Accords de performance collective : un progrès à signaler, mais un dispositif toujours trop permissif
7 octobre 2025 | Social
Crées par les ordonnances Macron de 2017, les accords de performance collective (APC) permettent, par la négociation, de modifier le salaire, le temps de travail et la mobilité, au nom de la préservation de l’emploi. Après la conclusion d’un tel accord, un salarié qui refusait la modification de son contrat de travail pouvait cependant se faire licencier. Un récent arrêt de la cour de la cassation change la donne : désormais, si un juge estime que les nécessités de fonctionnement de l’entreprise étaient insuffisantes pour justifier la mise en œuvre d’un APC, un salarié pourra toucher des dommages et intérêts, pour licenciement sans cause réelle et sérieuse.
Dispositif controversé de maintien en emploi, les accords de performance collective (APC) avaient été introduits en 2017 par les ordonnances Macron. Ils permettent à une entreprise en grande difficulté économique de modifier à la baisse les salaires ou encore de moduler le temps de travail de ses salariés, en vue de préserver au maximum l’emploi des travailleurs concernés. Si ces mesures se traduisent par un renoncement de certains droits et avantages pour les salariés, elles sont donc en contrepartie censées aider l’entreprise à éviter un éventuel dépôt de bilan ou une restructuration drastique de ses moyens et effectifs. Un accord de performance collective doit cependant préalablement être signé par les syndicats majoritaires (ou approuvés par référendum des salariés) pour être mis en œuvre.

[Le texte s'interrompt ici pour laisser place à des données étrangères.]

lemma card_U_pts_inter_mult_card_H_coeffs_le:
  fixes S :: "(real^'n::{finite,linorder}) set"
  shows "card (U_pts \<inter> S) * card (H_coeffs_containing S) \<le> 2 ^ (CARD('n) - 1)"
proof (cases "H_coeffs_containing S = {}")
  case True
  then show ?thesis by simp
next
  case False
  let ?I = "- {last_idx :: 'n}" and ?co = "\<lambda>a. restrict a (- {last_idx :: 'n})"
  have "card (front ` (U_pts \<inter> S)) * card (?co ` H_coeffs_containing S) \<le> 2 ^ card ?I"
  proof (rule card_mult_card_le_if_differences_orthogonal[of ?I "-1" 1 0 1])
    show "front ` (U_pts \<inter> S) \<subseteq> (\<Pi>\<^sub>E i\<in>?I. {-1, 1})"
      unfolding front_def image_subset_iff restrict_PiE_iff by (auto simp: U_pts_def)
    show "?co ` H_coeffs_containing S \<subseteq> (\<Pi>\<^sub>E i\<in>?I. {0, 1})"
      unfolding image_subset_iff restrict_PiE_iff by (auto simp: H_coeffs_containing_def)
    show "differences_orthogonal ?I (front ` (U_pts \<inter> S)) (?co ` H_coeffs_containing S)"
      by (rule differences_orthogonal_mono[OF differences_orthogonal_front_H_coeffs[of S]]) auto
  qed simp_all
  moreover have "inj_on front (U_pts \<inter> S)"
    using False inj_on_front inj_on_Int by blast
  moreover have "card ?I = CARD('n) - 1"
    by (simp add: Compl_eq_Diff_UNIV card_Diff_singleton)
  ultimately show ?thesis
    using inj_on_restrict_H_coeffs_containing[of S] by (simp add: card_image)
qed

theorem mainTheorem7:
  assumes "CARD('n) \<ge> 2"
  shows "rs (U_pts :: (real^'n::{finite,linorder}) set) H_planes \<le> 2 ^ (CARD('n) - 1)"
proof -
  let ?M = "{card ((U_pts :: (real^'n::{finite,linorder}) set) \<inter> S) * card {h \<in> H_planes. S \<subseteq> h}
            | S. affine S}"
  have "m \<le> 2 ^ (CARD('n) - 1)" if "m \<in> ?M" for m
  proof -
    from that obtain S :: "(real^'n::{finite,linorder}) set"
      where "m = card (U_pts \<inter> S) * card {h \<in> H_planes. S \<subseteq> h}" by blast
    also have "\<dots> \<le> card (U_pts \<inter> S) * card (H_coeffs_containing S)"
      by (intro mult_le_mono2 card_H_planes_containing_le)
    also have "\<dots> \<le> 2 ^ (CARD('n) - 1)"
      by (rule card_U_pts_inter_mult_card_H_coeffs_le)
    finally show ?thesis .
  qed
  moreover have "finite ?M" "?M \<noteq> {}"
    using calculation finite_nat_set_iff_bounded_le affine_UNIV by blast+
  ultimately show ?thesis
    unfolding rs_def by (simp add: Max_le_iff)
qed

end
lemma card_sensitive_edges_without_isolated_clique:
  assumes k: "2 \<le> k" and no_clique: "\<not> has_isolated_clique k v E"
  shows "card (sensitive_edges k v (has_isolated_clique k v) E) \<le> (k + 2) * (v choose (k div 2))"
proof -
  define \<W> where "\<W> = {W. \<exists>e\<in>hedges k v. isolated_clique k v W (flip E {e})}"
  define creating where "creating W = {e \<in> hedges k v. isolated_clique k v W (flip E {e})}" for W
  have \<W>_Pow: "\<W> \<subseteq> Pow {0..<v}" and \<W>_card: "\<And>W. W \<in> \<W> \<Longrightarrow> card W = Suc k"
    unfolding \<W>_def isolated_clique_def by auto
  have card_\<W>: "card \<W> \<le> card {0..<v} choose (k div 2)"
  proof (rule card_le_choose_if_small_intersections[OF _ \<W>_Pow])
    show "k div 2 \<le> card W" if "W \<in> \<W>" for W using \<W>_card[OF that] by simp
    show "card (W1 \<inter> W2) < k div 2" if "W1 \<in> \<W>" "W2 \<in> \<W>" "W1 \<noteq> W2" for W1 W2
      using that card_Int_isolated_cliques_of_flips[OF k] unfolding \<W>_def by blast
  qed simp
  have "sensitive_edges k v (has_isolated_clique k v) E \<subseteq> (\<Union>W\<in>\<W>. creating W)"
    using no_clique unfolding sensitive_edges_def has_isolated_clique_def \<W>_def creating_def
    by blast
  then have "card (sensitive_edges k v (has_isolated_clique k v) E) \<le> card (\<Union>W\<in>\<W>. creating W)"
    by (rule card_mono[rotated]) (rule finite_subset[OF _ finite_hedges], auto simp: creating_def)
  also have "\<dots> \<le> (\<Sum>W\<in>\<W>. card (creating W))"
    using \<W>_Pow by (intro card_UN_le) (simp add: finite_subset)
  also have "\<dots> \<le> (\<Sum>W\<in>\<W>. k + 2)"
    unfolding creating_def
    using card_edges_creating_isolated_clique[OF no_clique \<W>_card] by (rule sum_mono)
  also have "\<dots> = (k + 2) * card \<W>" by simp
  also have "\<dots> \<le> (k + 2) * (v choose (k div 2))" by (rule mult_le_mono2) (use card_\<W> in simp)
  finally show ?thesis .
qed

Juger du bien-fondé de l’APC
Néanmoins, il arrivait parfois qu’un salarié refuse la modification du contrat de travail induite par un APC: le cas échéant, l’employeur pouvait licencier le salarié concerné pour ce motif spécifique, pour cause réelle et sérieuse. Si un APC avait été préalablement conclu, un salarié ne pouvait donc pas contester le bien-fondé de ce type d’accord.
Cependant, suite à un arrêt de la cour de cassation daté du 10 septembre, les salariés se voient désormais offert la possibilité de contester les motifs ayant justifié la mise en œuvre d’un APC. Si un salarié conteste juridiquement son licenciement, le juge devra ainsi examiner et déterminer si la signature d’un accord de performance collective était bien justifiée par les nécessités de fonctionnement de l’entreprise. S’il estime que ce n’est pas le cas, le salarié pourra donc toucher des indemnités en dommages et intérêts, pour licenciement sans cause réelle et sérieuse.

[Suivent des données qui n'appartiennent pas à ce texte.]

lemma (in prob_space) J1_test_functional_integral_tendsto:
  assumes F: "J1_test_functional F"
    and Xs_meas: "\<And>n t. Xs n t \<in> borel_measurable M" and Y_meas: "\<And>t. Y t \<in> borel_measurable M"
    and conv: "AE \<omega> in M. (\<forall>n. cadlag (\<lambda>t. Xs n t \<omega>)) \<and> cadlag (\<lambda>t. Y t \<omega>) \<and>
                 skorokhod_conv (\<lambda>n t. Xs n t \<omega>) (\<lambda>t. Y t \<omega>)"
  shows "(\<lambda>n. \<integral>\<omega>. F (\<lambda>t. Xs n t \<omega>) \<partial>M) \<longlonglongrightarrow> (\<integral>\<omega>. F (\<lambda>t. Y t \<omega>) \<partial>M)"
proof -
  obtain B where F_meas: "F \<in> borel_measurable (Pi\<^sub>M UNIV (\<lambda>_. borel))" and F_bound: "\<And>f. \<bar>F f\<bar> \<le> B"
    and F_cont: "\<And>xs x. (\<forall>n. cadlag (xs n)) \<Longrightarrow> cadlag x \<Longrightarrow> skorokhod_conv xs x \<Longrightarrow>
                   (\<lambda>n. F (xs n)) \<longlonglongrightarrow> F x"
    using F unfolding J1_test_functional_def by blast
  have F_path_meas: "(\<lambda>\<omega>. F (\<lambda>t. P t \<omega>)) \<in> borel_measurable M"
    if "\<And>t. P t \<in> borel_measurable M" for P
    by (rule measurable_compose[OF measurable_PiM_single' F_meas]) (use that in auto)
  show ?thesis
  proof (rule integral_dominated_convergence[where w = "\<lambda>_. B"])
    show "AE \<omega> in M. (\<lambda>n. F (\<lambda>t. Xs n t \<omega>)) \<longlonglongrightarrow> F (\<lambda>t. Y t \<omega>)"
      using conv by eventually_elim (auto intro: F_cont)
  qed (use F_bound in \<open>auto intro: F_path_meas Xs_meas Y_meas\<close>)
qed

lemma constructed_process_AE_close:
  assumes "x \<in> Dstar" and "0 < \<delta>" and "constructed_process M Fil W x c1 \<delta> X"
    and "AE \<omega> in M. RBM_path (\<lambda>t. W t \<omega>) 0 x (\<lambda>t. Z t \<omega>)"
  shows "AE \<omega> in M. cadlag (\<lambda>t. X t \<omega>) \<and> (\<forall>t Tm. 0 \<le> t \<longrightarrow> t \<le> Tm \<longrightarrow>
           norm (X t \<omega> - Z t \<omega>) \<le> c1 * \<delta> * (snd (Z Tm \<omega> - x - (W Tm \<omega> - W 0 \<omega>)) + \<delta>) + \<delta>)"
proof -
  obtain Y T V where T_0: "\<forall>\<omega>\<in>space M. T 0 \<omega> = 0"
    and T_mono: "\<forall>j. \<forall>\<omega>\<in>space M. T j \<omega> \<le> T (Suc j) \<omega>"
    and V_bound: "\<forall>j\<ge>1. V j \<in> borel_measurable M \<and> (\<forall>\<omega>\<in>space M. \<bar>V j \<omega>\<bar> \<le> c1 * \<delta>\<^sup>2)"
    and first_piece: "AE \<omega> in M. RBM_path (\<lambda>t. W t \<omega>) 0 x (\<lambda>t. Y 1 t \<omega>)"
    and piece_hits: "\<forall>j\<ge>1. AE \<omega> in M. Y j (T j \<omega>) \<omega> \<in> Dstar_bdry"
    and next_piece: "\<forall>j\<ge>1. AE \<omega> in M.
           RBM_path (\<lambda>t. W t \<omega>) (T j \<omega>) (Y j (T j \<omega>) \<omega> + (V j \<omega>, \<delta>)) (\<lambda>t. Y (Suc j) t \<omega>)"
    and X_piece: "\<forall>j\<ge>1. \<forall>\<omega>\<in>space M. \<forall>t. T (j - 1) \<omega> \<le> t \<and> t < T j \<omega> \<longrightarrow> X t \<omega> = Y j t \<omega>"
    using assms(3) unfolding constructed_process_def by blast
  have "AE \<omega> in M. \<forall>j\<ge>1. Y j (T j \<omega>) \<omega> \<in> Dstar_bdry"
    unfolding AE_all_countable using piece_hits by (intro allI AE_impI) auto
  moreover have "AE \<omega> in M. \<forall>j\<ge>1.
      RBM_path (\<lambda>t. W t \<omega>) (T j \<omega>) (Y j (T j \<omega>) \<omega> + (V j \<omega>, \<delta>)) (\<lambda>t. Y (Suc j) t \<omega>)"
    unfolding AE_all_countable using next_piece by (intro allI AE_impI) auto
  ultimately show ?thesis
    using AE_space first_piece assms(4)
  proof eventually_elim
    case (elim \<omega>)
    interpret kicked_reflection "\<lambda>t. W t \<omega>" x \<delta> c1 "\<lambda>j. T j \<omega>" "\<lambda>j. V j \<omega>" "\<lambda>j t. Y j t \<omega>"
      "\<lambda>t. X t \<omega>" "\<lambda>t. Z t \<omega>"
      using elim assms(1,2) T_0 T_mono V_bound X_piece by unfold_locales (auto simp: Dstar_def)
    show ?case using X_cadlag X_close by blast
  qed
qed

lemma constructed_processes_converge_AE:
  assumes "x \<in> Dstar" and "\<And>\<delta>. 0 < \<delta> \<Longrightarrow> constructed_process M Fil W x c1 \<delta> (Xd \<delta>)"
    and RZ: "AE \<omega> in M. RBM_path (\<lambda>t. W t \<omega>) 0 x (\<lambda>t. Z t \<omega>)"
    and S_pos: "\<And>n. 0 < S n" and "S \<longlonglongrightarrow> 0"
  shows "AE \<omega> in M. (\<forall>n. cadlag (\<lambda>t. Xd (S n) t \<omega>)) \<and> cadlag (\<lambda>t. Z t \<omega>) \<and>
           skorokhod_conv (\<lambda>n t. Xd (S n) t \<omega>) (\<lambda>t. Z t \<omega>)"
proof -
  have "AE \<omega> in M. \<forall>n. cadlag (\<lambda>t. Xd (S n) t \<omega>) \<and> (\<forall>t Tm. 0 \<le> t \<longrightarrow> t \<le> Tm \<longrightarrow>
      norm (Xd (S n) t \<omega> - Z t \<omega>) \<le> c1 * S n * (snd (Z Tm \<omega> - x - (W Tm \<omega> - W 0 \<omega>)) + S n) + S n)"
    unfolding AE_all_countable
    using constructed_process_AE_close[OF assms(1) S_pos assms(2)[OF S_pos] RZ] by blast
  then show ?thesis
    using RZ
  proof eventually_elim
    case (elim \<omega>)
    have "skorokhod_conv (\<lambda>n t. Xd (S n) t \<omega>) (\<lambda>t. Z t \<omega>)"
    proof (rule skorokhod_conv_if_locally_uniform)
      fix Tm \<epsilon> :: real assume "0 < Tm" "0 < \<epsilon>"
      define C where "C = snd (Z Tm \<omega> - x - (W Tm \<omega> - W 0 \<omega>))"
      have "(\<lambda>n. c1 * S n * (C + S n) + S n) \<longlonglongrightarrow> c1 * 0 * (C + 0) + 0"
        by (intro tendsto_intros \<open>S \<longlonglongrightarrow> 0\<close>)
      then have "eventually (\<lambda>n. c1 * S n * (C + S n) + S n < \<epsilon>) sequentially"
        using \<open>0 < \<epsilon>\<close> by (intro order_tendstoD(2)) auto
      then show "eventually (\<lambda>n. \<forall>t\<in>{0..Tm}. norm (Xd (S n) t \<omega> - Z t \<omega>) < \<epsilon>) sequentially"
      proof (rule eventually_mono, intro ballI)
        fix n t assume n: "c1 * S n * (C + S n) + S n < \<epsilon>" and "t \<in> {0..Tm}"
        then have "norm (Xd (S n) t \<omega> - Z t \<omega>) \<le> c1 * S n * (C + S n) + S n"
          using elim(1) unfolding C_def by auto
        with n show "norm (Xd (S n) t \<omega> - Z t \<omega>) < \<epsilon>" by simp
      qed
    qed
    with elim cadlag_if_continuous_on[OF RBM_path_continuous] show ?case by blast
  qed
qed

theorem lemma2p3:
  fixes M :: "'w measure" and Fil :: "real \<Rightarrow> 'w measure"
    and W :: "real \<Rightarrow> 'w \<Rightarrow> real \<times> real"
    and x :: "real \<times> real" and c1 :: real
    and Xd :: "real \<Rightarrow> real \<Rightarrow> 'w \<Rightarrow> real \<times> real"
    and Z :: "real \<Rightarrow> 'w \<Rightarrow> real \<times> real"
  assumes "planar_BM M Fil W"
    and "x \<in> Dstar"
    and "\<And>\<delta>. \<delta> > 0 \<Longrightarrow> constructed_process M Fil W x c1 \<delta> (Xd \<delta>)"
    and "\<And>t. Z t \<in> borel_measurable M"
    and "AE \<omega> in M. RBM_path (\<lambda>t. W t \<omega>) 0 x (\<lambda>t. Z t \<omega>)"
  shows "conv_in_distribution M Xd Z"
  unfolding conv_in_distribution_def
proof (intro allI impI)
  interpret prob_space M using assms(1) unfolding planar_BM_def by blast
  fix F assume F: "J1_test_functional F"
  show "((\<lambda>\<delta>. \<integral>\<omega>. F (\<lambda>t. Xd \<delta> t \<omega>) \<partial>M) \<longlongrightarrow> (\<integral>\<omega>. F (\<lambda>t. Z t \<omega>) \<partial>M)) (at_right 0)"
  proof (rule tendsto_at_right_sequentially[of 0 1])
    fix S :: "nat \<Rightarrow> real" assume S_pos: "\<And>n. 0 < S n" and "S \<longlonglongrightarrow> 0"
    have "Xd (S n) t \<in> borel_measurable M" for n t
      using assms(3)[OF S_pos] unfolding constructed_process_def by blast
    with F assms(4) show "(\<lambda>n. \<integral>\<omega>. F (\<lambda>t. Xd (S n) t \<omega>) \<partial>M) \<longlonglongrightarrow> (\<integral>\<omega>. F (\<lambda>t. Z t \<omega>) \<partial>M)"
      by (intro J1_test_functional_integral_tendsto
          constructed_processes_converge_AE[OF assms(2,3,5) S_pos \<open>S \<longlonglongrightarrow> 0\<close>])
  qed simp
qed

end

Un dispositif encore trop permissif
La CFTC ne peut que saluer cette décision de la Cour de cassation. Pour notre organisation, cet arrêt de la Cour atteste par ailleurs du cadre réglementaire trop flou et permissif, qui régit l’application des APC. Une insuffisance dénoncée à plusieurs reprises par notre organisation. Si un APC doit en effet « répondre aux nécessités liées au fonctionnement de l’entreprise ou en vue de préserver, ou de développer l’emploi », aucun critère objectif ne permet, en réalité, de matérialiser objectivement ces nécessités. A cet égard, la CFTC estime donc que ce cadre réglementaire doit être significativement précisé et renforcé, pour éviter d’éventuels abus et dérives, quant à l’utilisation de ce dispositif.
Le nombre d’APC signés chaque année reste heureusement faible, les salariés et leurs représentants n’acceptant que très rarement cette modalité de maintien en emploi. A ce titre, la CFTC rappelle qu’elle considère qu’un APC ne peut être envisagé que quand la pérennité de l’entreprise est sérieusement en cause. En dehors de ce cas de figure exceptionnel, l’entreprise peut déjà recourir à de nombreux autres dispositifs (chômage partiel, plan de sauvegarde de l’emploi, ruptures conventionnelles collectives etc…), davantage protecteurs des salariés et de leur contrat de travail.